Stored items
(* Let $n\ge 1$, $d\ge 2$, $1\le k\le n$ be integers and $R=n-k\lfloor n/k\rfloor$. For every $k$-separable state $\rho$ on $(\mathbb{C}^d)^{\otimes n}$, $$\|\tau(\rho)\|\le\sqrt{\big(d^{\lceil n/k\rceil}-1\big)^{R}\big(d^{\lfloor n/k\rfloor}-1\big)^{k-R}}.$$
   Context: Consider $n$ qudits with Hilbert space $(\mathbb{C}^d)^{\otimes n}$. Let $\lambda_0=\mathbb{1}_d$ and let $\lambda_1,\dots,\lambda_{d^2-1}$ be Hermitian traceless $d\times d$ matrices normalized so that $\mathrm{Tr}[\lambda_i\lambda_j]=d\,\delta_{ij}$. The full-body correlation tensor norm of a state $\rho$ is $\|\tau(\rho)\|=\big(\sum_{i_1,\dots,i_n=1}^{d^2-1}(\mathrm{Tr}[\rho\,\lambda_{i_1}\otimes\cdots\otimes\lambda_{i_n}])^2\big)^{1/2}$. A pure state is $k$-separable if it is a tensor product of $k$ pure states on the blocks of some partition of $\{1,\dots,n\}$ into $k$ nonempty blocks; a state is $k$-separable if it is a convex combination of $k$-separable pure states (partitions may differ between terms). *)

theory Defs
  imports "HOL-Analysis.Analysis" "HOL-Library.Disjoint_Sets" "HOL-Library.FuncSet"
begin

text \<open>Computational basis of the qudits in a set S of sites: maps S \<rightarrow> {0..<d}
  (extensional, undefined outside S). Basis of (C^d)^{\<otimes> n} is cfg d {..<n}.\<close>
definition cfg :: "nat \<Rightarrow> nat set \<Rightarrow> (nat \<Rightarrow> nat) set" where
  "cfg d S = (S \<rightarrow>\<^sub>E {..<d})"

text \<open>Operators on (C^d)^{\<otimes> n} are matrices indexed by basis configurations;
  single-qudit operators are d x d matrices given as functions on indices < d.\<close>
type_synonym op1 = "nat \<Rightarrow> nat \<Rightarrow> complex"
type_synonym opn = "(nat \<Rightarrow> nat) \<Rightarrow> (nat \<Rightarrow> nat) \<Rightarrow> complex"

definition tensor_ops :: "nat \<Rightarrow> (nat \<Rightarrow> op1) \<Rightarrow> opn" where
  "tensor_ops n A = (\<lambda>x y. \<Prod>j<n. A j (x j) (y j))"

definition trace_prod :: "nat \<Rightarrow> nat \<Rightarrow> opn \<Rightarrow> opn \<Rightarrow> complex" where
  "trace_prod d n \<rho> M = (\<Sum>x\<in>cfg d {..<n}. \<Sum>y\<in>cfg d {..<n}. \<rho> x y * M y x)"

definition gm_basis :: "nat \<Rightarrow> (nat \<Rightarrow> op1) \<Rightarrow> bool" where
  "gm_basis d lam \<longleftrightarrow>
     (\<forall>i\<in>{1..d^2-1}. (\<forall>a<d. \<forall>b<d. lam i a b = cnj (lam i b a))
                     \<and> (\<Sum>a<d. lam i a a) = 0)
   \<and> (\<forall>i\<in>{1..d^2-1}. \<forall>j\<in>{1..d^2-1}.
        (\<Sum>a<d. \<Sum>b<d. lam i a b * lam j b a) = (if i = j then of_nat d else 0))"

definition tau_norm :: "nat \<Rightarrow> nat \<Rightarrow> (nat \<Rightarrow> op1) \<Rightarrow> opn \<Rightarrow> real" where
  "tau_norm d n lam \<rho> =
     sqrt (\<Sum>is\<in>({..<n} \<rightarrow>\<^sub>E {1..d^2-1}).
             (cmod (trace_prod d n \<rho> (tensor_ops n (\<lambda>j. lam (is j))))) ^ 2)"

definition unit_vec :: "nat \<Rightarrow> nat set \<Rightarrow> ((nat \<Rightarrow> nat) \<Rightarrow> complex) \<Rightarrow> bool" where
  "unit_vec d S \<phi> \<longleftrightarrow> (\<Sum>x\<in>cfg d S. (cmod (\<phi> x))^2) = 1"

definition ksep_pure :: "nat \<Rightarrow> nat \<Rightarrow> nat \<Rightarrow> ((nat \<Rightarrow> nat) \<Rightarrow> complex) \<Rightarrow> bool" where
  "ksep_pure d n k \<psi> \<longleftrightarrow>
     (\<exists>P \<phi>. partition_on {..<n} P \<and> card P = k
         \<and> (\<forall>B\<in>P. unit_vec d B (\<phi> B))
         \<and> (\<forall>x\<in>cfg d {..<n}. \<psi> x = (\<Prod>B\<in>P. \<phi> B (restrict x B))))"

definition ksep_state :: "nat \<Rightarrow> nat \<Rightarrow> nat \<Rightarrow> opn \<Rightarrow> bool" where
  "ksep_state d n k \<rho> \<longleftrightarrow>
     (\<exists>m (p :: nat \<Rightarrow> real) \<psi>. (\<forall>i<m. p i \<ge> 0) \<and> (\<Sum>i<m. p i) = 1
        \<and> (\<forall>i<m. ksep_pure d n k (\<psi> i))
        \<and> (\<forall>x\<in>cfg d {..<n}. \<forall>y\<in>cfg d {..<n}.
              \<rho> x y = (\<Sum>i<m. complex_of_real (p i) * \<psi> i x * cnj (\<psi> i y))))"

end

(*
  A pure k-separable state is a product of unit vectors phi_B over the k blocks B of a
  partition, and its full-body correlations factorise over the blocks, so that
  ||tau(psi)||^2 = prod_B ||tau(phi_B)||^2.  Adjoining lambda_0 = 1 to the lambda_i makes the
  tensor products of the lambda's an orthogonal basis of the d^|B| x d^|B| matrices, each of
  squared Hilbert-Schmidt norm d^|B|; Bessel's inequality for the rank-one operator |phi_B><phi_B|
  then gives 1 + ||tau(phi_B)||^2 <= d^|B|, the 1 being the coefficient of the identity.
  Since m |-> ln (d^m - 1) is concave, prod_B (d^|B| - 1) over block sizes summing to n is
  largest when all sizes are floor(n/k) or ceiling(n/k).  Finally |sum_i p_i t_i|^2 <=
  sum_i p_i |t_i|^2 carries the bound from pure states to their mixtures.
*)

theory Submission
  imports Defs
begin

section \<open>Sums over functions on a partition\<close>

lemma PiE_neqE:
  assumes "x \<in> S \<rightarrow>\<^sub>E A" "y \<in> S \<rightarrow>\<^sub>E B" "x \<noteq> y"
  obtains j where "j \<in> S" "x j \<noteq> y j"
proof -
  from \<open>x \<noteq> y\<close> obtain j where j: "x j \<noteq> y j" by (auto simp: fun_eq_iff)
  then have "j \<in> S" using PiE_arb[OF assms(1)] PiE_arb[OF assms(2)] by metis
  show thesis using \<open>j \<in> S\<close> j by (rule that)
qed

lemma prod_if_eq_PiE:
  assumes S: "finite S" and e: "e \<in> S \<rightarrow>\<^sub>E A" and f: "f \<in> S \<rightarrow>\<^sub>E A"
  shows "(\<Prod>j\<in>S. if e j = f j then c else 0) = (if e = f then c ^ card S else (0 :: 'c::comm_semiring_1))"
proof (cases "e = f")
  case False
  with e f obtain j where "j \<in> S" "e j \<noteq> f j" by (rule PiE_neqE)
  then have "(\<Prod>j\<in>S. if e j = f j then c else 0) = 0"
    using S by (intro prod_zero) auto
  then show ?thesis using False by simp
qed simp

lemma bij_betw_restrict_blocks:
  assumes "disjoint P"
  shows "bij_betw (\<lambda>x. \<lambda>C\<in>P. restrict x C) (\<Union>P \<rightarrow>\<^sub>E T) (PiE P (\<lambda>C. C \<rightarrow>\<^sub>E T))"
proof -
  define glue where
    "glue g = (\<lambda>j. if j \<in> \<Union>P then g (THE C. C \<in> P \<and> j \<in> C) j else undefined)"
    for g :: "'a set \<Rightarrow> 'a \<Rightarrow> 'b"
  have glue: "glue g j = g C j" if "C \<in> P" "j \<in> C" for g C j
  proof -
    have "(THE C. C \<in> P \<and> j \<in> C) = C"
      using that disjointD[OF assms] by (intro the_equality) blast+
    then show ?thesis using that by (auto simp: glue_def)
  qed
  show ?thesis
  proof (rule bij_betwI[where g = glue])
    show "(\<lambda>x. \<lambda>C\<in>P. restrict x C) \<in> (\<Union>P \<rightarrow>\<^sub>E T) \<rightarrow> PiE P (\<lambda>C. C \<rightarrow>\<^sub>E T)"
      by auto
    show "glue \<in> PiE P (\<lambda>C. C \<rightarrow>\<^sub>E T) \<rightarrow> (\<Union>P \<rightarrow>\<^sub>E T)"
    proof (intro Pi_I PiE_I)
      fix g j assume g: "g \<in> PiE P (\<lambda>C. C \<rightarrow>\<^sub>E T)" and "j \<in> \<Union>P"
      then obtain C where "C \<in> P" "j \<in> C" by blast
      then show "glue g j \<in> T" using PiE_mem[OF PiE_mem[OF g]] by (simp add: glue)
    qed (simp add: glue_def)
    fix x assume x: "x \<in> \<Union>P \<rightarrow>\<^sub>E T"
    show "glue (\<lambda>C\<in>P. restrict x C) = x"
    proof
      fix j
      show "glue (\<lambda>C\<in>P. restrict x C) j = x j"
      proof (cases "j \<in> \<Union>P")
        case True
        then obtain C where "C \<in> P" "j \<in> C" by blast
        then show ?thesis by (simp add: glue)
      qed (use PiE_arb[OF x, of j] in \<open>simp add: glue_def\<close>)
    qed
  next
    fix g assume g: "g \<in> PiE P (\<lambda>C. C \<rightarrow>\<^sub>E T)"
    show "(\<lambda>C\<in>P. restrict (glue g) C) = g"
    proof (intro ext)
      fix C j
      show "(\<lambda>C\<in>P. restrict (glue g) C) C j = g C j"
      proof (cases "C \<in> P")
        case True
        from g True have gC: "g C \<in> C \<rightarrow>\<^sub>E T" by (rule PiE_mem)
        show ?thesis
          using True PiE_arb[OF gC, of j] by (cases "j \<in> C") (simp_all add: glue)
      qed (simp add: PiE_arb[OF g])
    qed
  qed
qed

lemma sum_PiE_Union_prod_restrict:
  fixes f :: "'i set \<Rightarrow> ('i \<Rightarrow> 'b) \<Rightarrow> 'c::comm_semiring_1"
  assumes P: "finite P" "\<And>C. C \<in> P \<Longrightarrow> finite C" "disjoint P" and T: "finite T"
  shows "(\<Sum>x\<in>\<Union>P \<rightarrow>\<^sub>E T. \<Prod>C\<in>P. f C (restrict x C)) = (\<Prod>C\<in>P. \<Sum>a\<in>C \<rightarrow>\<^sub>E T. f C a)"
proof -
  have "(\<Sum>x\<in>\<Union>P \<rightarrow>\<^sub>E T. \<Prod>C\<in>P. f C (restrict x C))
      = (\<Sum>g\<in>PiE P (\<lambda>C. C \<rightarrow>\<^sub>E T). \<Prod>C\<in>P. f C (g C))"
    using sum.reindex_bij_betw[OF bij_betw_restrict_blocks[OF P(3)], of "\<lambda>g. \<Prod>C\<in>P. f C (g C)"]
    by simp
  also have "\<dots> = (\<Prod>C\<in>P. \<Sum>a\<in>C \<rightarrow>\<^sub>E T. f C a)"
    using P T by (intro prod_sum_PiE[symmetric]) (auto intro: finite_PiE)
  finally show ?thesis .
qed

section \<open>Inequalities\<close>

lemma bessel_inequality:
  fixes u :: "'e \<Rightarrow> 'z \<Rightarrow> complex" and v :: "'z \<Rightarrow> complex" and N :: real
  assumes X: "finite X" and E: "finite E" and N: "N \<ge> 0"
    and orth: "\<And>e f. e \<in> E \<Longrightarrow> f \<in> E \<Longrightarrow>
      (\<Sum>z\<in>X. cnj (u e z) * u f z) = (if e = f then of_real N else 0)"
  shows "(\<Sum>e\<in>E. (cmod (\<Sum>z\<in>X. cnj (u e z) * v z))^2) \<le> N * (\<Sum>z\<in>X. (cmod (v z))^2)"
proof -
  define c where "c e = (\<Sum>z\<in>X. cnj (u e z) * v z)" for e
  define S where "S = (\<Sum>e\<in>E. (cmod (c e))^2)"
  define w where "w z = (\<Sum>e\<in>E. c e * u e z)" for z
  define V where "V = (\<Sum>z\<in>X. (cmod (v z))^2)"
  define W where "W = (\<Sum>z\<in>X. (cmod (w z))^2)"
  have S0: "S \<ge> 0" unfolding S_def by (simp add: sum_nonneg)
  have V0: "V \<ge> 0" unfolding V_def by (simp add: sum_nonneg)
  have sq: "complex_of_real ((cmod a)^2) = a * cnj a" for a :: complex
    by (simp add: complex_mult_cnj cmod_def)
  have vw: "(\<Sum>z\<in>X. v z * cnj (w z)) = of_real S"
  proof -
    have "(\<Sum>z\<in>X. v z * cnj (w z)) = (\<Sum>z\<in>X. \<Sum>e\<in>E. cnj (c e) * (cnj (u e z) * v z))"
      unfolding w_def by (simp add: sum_distrib_left mult_ac)
    also have "\<dots> = (\<Sum>e\<in>E. cnj (c e) * c e)"
      by (subst sum.swap) (simp add: c_def sum_distrib_left)
    also have "\<dots> = of_real S"
      unfolding S_def of_real_sum sq by (simp add: mult_ac)
    finally show ?thesis .
  qed
  have "complex_of_real W = of_real N * of_real S"
  proof -
    have "of_real W = (\<Sum>z\<in>X. w z * cnj (w z))"
      unfolding W_def of_real_sum sq by simp
    also have "\<dots> = (\<Sum>z\<in>X. \<Sum>e\<in>E. \<Sum>f\<in>E. c e * cnj (c f) * (cnj (u f z) * u e z))"
      unfolding w_def by (simp add: sum_distrib_left sum_distrib_right mult_ac)
        (rule sum.cong, simp, rule sum.swap)
    also have "\<dots> = (\<Sum>e\<in>E. \<Sum>f\<in>E. c e * cnj (c f) * (\<Sum>z\<in>X. cnj (u f z) * u e z))"
      by (simp add: sum.swap[of _ X] sum_distrib_left)
    also have "\<dots> = (\<Sum>e\<in>E. \<Sum>f\<in>E. c e * cnj (c f) * (if f = e then of_real N else 0))"
      by (intro sum.cong refl) (simp add: orth)
    also have "\<dots> = (\<Sum>e\<in>E. of_real N * (c e * cnj (c e)))"
      using E by (simp add: if_distrib mult_ac cong: if_cong)
    also have "\<dots> = of_real N * of_real S"
      unfolding S_def of_real_sum sq by (simp add: sum_distrib_left)
    finally show ?thesis .
  qed
  then have W: "W = N * S" by (metis of_real_eq_iff of_real_mult)
  have "S = cmod (\<Sum>z\<in>X. v z * cnj (w z))" using vw S0 by simp
  also have "\<dots> \<le> (\<Sum>z\<in>X. cmod (v z) * cmod (w z))"
    by (rule order_trans[OF norm_sum]) (simp add: norm_mult)
  finally have "S \<le> (\<Sum>z\<in>X. cmod (v z) * cmod (w z))" .
  then have "S^2 \<le> (\<Sum>z\<in>X. cmod (v z) * cmod (w z))^2"
    using S0 by (simp add: power_mono)
  also have "\<dots> \<le> V * W" unfolding V_def W_def by (rule Cauchy_Schwarz_ineq_sum)
  finally have "S * S \<le> (N * V) * S" using W by (simp add: power2_eq_square mult_ac)
  then have "S \<le> N * V"
  proof (cases "S = 0")
    case False
    with S0 have "S > 0" by simp
    with \<open>S * S \<le> (N * V) * S\<close> show ?thesis by (rule mult_right_le_imp_le)
  qed (use N V0 in simp)
  then show ?thesis unfolding S_def V_def c_def .
qed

→ WHAT IS REQUIRED: Find and copy each line above holding "assumes".

→ EXPECTED ANSWER:
  assumes "x \<in> S \<rightarrow>\<^sub>E A" "y \<in> S \<rightarrow>\<^sub>E B" "x \<noteq> y"
  assumes S: "finite S" and e: "e \<in> S \<rightarrow>\<^sub>E A" and f: "f \<in> S \<rightarrow>\<^sub>E A"
  assumes "disjoint P"
  assumes P: "finite P" "\<And>C. C \<in> P \<Longrightarrow> finite C" "disjoint P" and T: "finite T"
  assumes X: "finite X" and E: "finite E" and N: "N \<ge> 0"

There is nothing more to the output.